> **TASK TO CARRY OUT**: First find the line with "c $ j\<bar>" in the entries below, then set down exactly every line through the line with "p \<in> vcell", that line included.

━━━━━ RECORDS TO USE ━━━━━

(* The number of active faces without pre-image in the tower $(\mathcal{X}_{\alpha_s})_{s\ge0}$ is at most $n3^d$; that is, the number of active faces of $\square_{\alpha_0}$ plus, summed over all $s\ge0$, the number of active faces of $\square_{\alpha_{s+1}}$ that are not of the form $g_{\alpha_s}(f)$ for an active face $f$ of $\square_{\alpha_s}$, is at most $n3^d$.
   Context: Let $P\subset\mathbb{R}^d$ with $n=|P|$, and let $CP(P)$ be the closest-pair (Euclidean) distance of $P$. Scales $\alpha_s=\lambda2^s$ with $\lambda=CP(P)/(3d)$. Grids $G_{\alpha_s}\subset\mathbb{R}^d$: $G_{\alpha_0}=\lambda\mathbb{Z}^d$ and $G_{\alpha_{s+1}}=2(G_{\alpha_s}-O_s)+O_s+\frac{\alpha_s}{2}\varepsilon_s$ with $O_s\in G_{\alpha_s}$, $\varepsilon_s\in\{-1,1\}^d$. $\square_{\alpha_s}$: cubical complex of faces $\prod_j[x_j,x_j+m_j]$, $x\in G_{\alpha_s}$, $m_j\in\{0,\alpha_s\}$. $a_{\alpha_s}(p)$: the point of $G_{\alpha_s}$ whose Voronoi cell (closed cube of side $\alpha_s$ centered at it) contains $p$, assumed unique; active vertices $V_{\alpha_s}=a_{\alpha_s}(P)$. A face $f$ is spanned by $V$ if $f\cap V\ne\emptyset$ and $f\cap V$ lies in no facet of $f$; active faces are those spanned by $V_{\alpha_s}$. $g_{\alpha_s}$ maps $x\in G_{\alpha_s}$ to the unique $y\in G_{\alpha_{s+1}}$ whose Voronoi cell contains $x$, and a face to the convex hull of the images of its vertices (which maps active faces to active faces). $\mathcal{X}_{\alpha_s}$ is the union over maximal active faces $f$ of the barycentric subdivisions of $f$, connected by the simplicial maps induced by $g$. *)

theory Defs
  imports "HOL-Analysis.Analysis"
begin

text \<open>Points live in \<open>real^'d\<close>, so the ambient dimension is \<open>d = CARD('d)\<close>.\<close>

definition CP :: "('a::metric_space) set \<Rightarrow> real" where
  "CP P = Min {dist p q | p q. p \<in> P \<and> q \<in> P \<and> p \<noteq> q}"

definition lam :: "(real^'d) set \<Rightarrow> real" where
  "lam P = CP P / (3 * real CARD('d))"

definition alph :: "(real^'d) set \<Rightarrow> nat \<Rightarrow> real" where
  "alph P s = lam P * 2 ^ s"

fun grid :: "(real^'d) set \<Rightarrow> (nat \<Rightarrow> real^'d) \<Rightarrow> (nat \<Rightarrow> real^'d) \<Rightarrow> nat \<Rightarrow> (real^'d) set" where
  "grid P Or eps 0 = {x. \<forall>j. \<exists>k::int. x $ j = lam P * of_int k}"
| "grid P Or eps (Suc s) =
     (\<lambda>x. 2 *\<^sub>R (x - Or s) + Or s + (alph P s / 2) *\<^sub>R eps s) ` grid P Or eps s"

text \<open>Voronoi cell of a grid point \<open>c\<close> at scale \<open>a\<close>: closed cube of side \<open>a\<close> centred at \<open>c\<close>.\<close>
definition vcell :: "real \<Rightarrow> real^'d \<Rightarrow> (real^'d) set" where
  "vcell a c = {y. \<forall>j. \<bar>y $ j - c $ j\<bar> \<le> a / 2}"

definition nearest :: "(real^'d) set \<Rightarrow> real \<Rightarrow> real^'d \<Rightarrow> real^'d" where
  "nearest G a p = (THE c. c \<in> G \<and> p \<in> vcell a c)"

definition active_vertices :: "(real^'d) set \<Rightarrow> (nat \<Rightarrow> real^'d) \<Rightarrow> (nat \<Rightarrow> real^'d) \<Rightarrow> nat \<Rightarrow> (real^'d) set" where
  "active_vertices P Or eps s = nearest (grid P Or eps s) (alph P s) ` P"

definition box_face :: "real^'d \<Rightarrow> real^'d \<Rightarrow> (real^'d) set" where
  "box_face x m = {y. \<forall>j. x $ j \<le> y $ j \<and> y $ j \<le> x $ j + m $ j}"

definition is_face :: "(real^'d) set \<Rightarrow> real \<Rightarrow> (real^'d) set \<Rightarrow> bool" where
  "is_face G a F \<longleftrightarrow> (\<exists>x m. x \<in> G \<and> (\<forall>j. m $ j = 0 \<or> m $ j = a) \<and> F = box_face x m)"

definition spanned :: "(real^'d) set \<Rightarrow> real \<Rightarrow> (real^'d) set \<Rightarrow> (real^'d) set \<Rightarrow> bool" where
  "spanned G a V F \<longleftrightarrow>
     (\<exists>x m. x \<in> G \<and> (\<forall>j. m $ j = 0 \<or> m $ j = a) \<and> F = box_face x m \<and>
        F \<inter> V \<noteq> {} \<and>
        (\<forall>j. m $ j = a \<longrightarrow>
             \<not> (F \<inter> V \<subseteq> {y \<in> F. y $ j = x $ j}) \<and>
             \<not> (F \<inter> V \<subseteq> {y \<in> F. y $ j = x $ j + a})))"

definition active_faces :: "(real^'d) set \<Rightarrow> (nat \<Rightarrow> real^'d) \<Rightarrow> (nat \<Rightarrow> real^'d) \<Rightarrow> nat \<Rightarrow> (real^'d) set set" where
  "active_faces P Or eps s =
     {F. spanned (grid P Or eps s) (alph P s) (active_vertices P Or eps s) F}"

text \<open>\<open>g_{\<alpha>_s}\<close> on vertices and on faces (convex hull of the images of the vertices,
  the vertices of a face being its grid points).\<close>
definition gvert :: "(real^'d) set \<Rightarrow> (nat \<Rightarrow> real^'d) \<Rightarrow> (nat \<Rightarrow> real^'d) \<Rightarrow> nat \<Rightarrow> real^'d \<Rightarrow> real^'d" where
  "gvert P Or eps s x = nearest (grid P Or eps (Suc s)) (alph P (Suc s)) x"

definition gface :: "(real^'d) set \<Rightarrow> (nat \<Rightarrow> real^'d) \<Rightarrow> (nat \<Rightarrow> real^'d) \<Rightarrow> nat \<Rightarrow> (real^'d) set \<Rightarrow> (real^'d) set" where
  "gface P Or eps s F = convex hull (gvert P Or eps s ` (F \<inter> grid P Or eps s))"

definition new_faces :: "(real^'d) set \<Rightarrow> (nat \<Rightarrow> real^'d) \<Rightarrow> (nat \<Rightarrow> real^'d) \<Rightarrow> nat \<Rightarrow> (real^'d) set set" where
  "new_faces P Or eps s =
     {F \<in> active_faces P Or eps (Suc s).
        \<not> (\<exists>f \<in> active_faces P Or eps s. gface P Or eps s f = F)}"

end

theory Submission
  imports Defs "HOL-Library.List_Lexorder"
begin

(*
  Every face of the cubical complex at scale alpha_r that contains the vertex a_r(p) of a point
  p of P is the box spanned by a_r(p) and a_r(p) + alpha_r t for a direction t in {-1,0,1}^d.
  Charge a face counted at level r (an active face for r = 0, an active face without pre-image
  under g otherwise) to a pair (p, t) for which r is the first scale at which this box is active.
  The pair determines both r and the face, so at most n 3^d faces are counted.

  Such a pair exists by a descent argument.  If a_r(q) lies in the box of (p, t) at scale r, it
  does so at all larger scales.  For a new face F at scale s+1, the hyperplanes through the centre
  of F parallel to its facets are walls between Voronoi cells at every scale r <= s+1, so every
  point of P stays on one side of each of them.  Choose p with vertex in F minimising the distances
  of its vertices to the centre, lexicographically from scale s+1 down to 0.  If the box of (p, t)
  were active at some scale r <= s, either all its spanning witnesses lie across the central
  hyperplanes and stay there, so that the box is active at scale s and g maps it onto F, or some
  witness is strictly closer to the centre from scale r on, contradicting the choice of p.
*)

lemma mult_of_int_trichotomy:
  fixes a :: real and k :: int
  assumes "0 < a"
  shows "a * of_int k \<le> - a \<or> a * of_int k = 0 \<or> a \<le> a * of_int k"
proof -
  consider "k \<le> -1" | "k = 0" | "1 \<le> k" by linarith
  then show ?thesis
  proof cases
    case 1
    then have "a * of_int k \<le> a * (-1)" using assms by (intro mult_left_mono) auto
    then show ?thesis by simp
  next
    case 3
    then have "a * 1 \<le> a * of_int k" using assms by (intro mult_left_mono) auto
    then show ?thesis by simp
  qed simp
qed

━━━━━

> **YOUR SOLUTION**:
  "vcell a c = {y. \<forall>j. \<bar>y $ j - c $ j\<bar> \<le> a / 2}"

definition nearest :: "(real^'d) set \<Rightarrow> real \<Rightarrow> real^'d \<Rightarrow> real^'d" where
  "nearest G a p = (THE c. c \<in> G \<and> p \<in> vcell a c)"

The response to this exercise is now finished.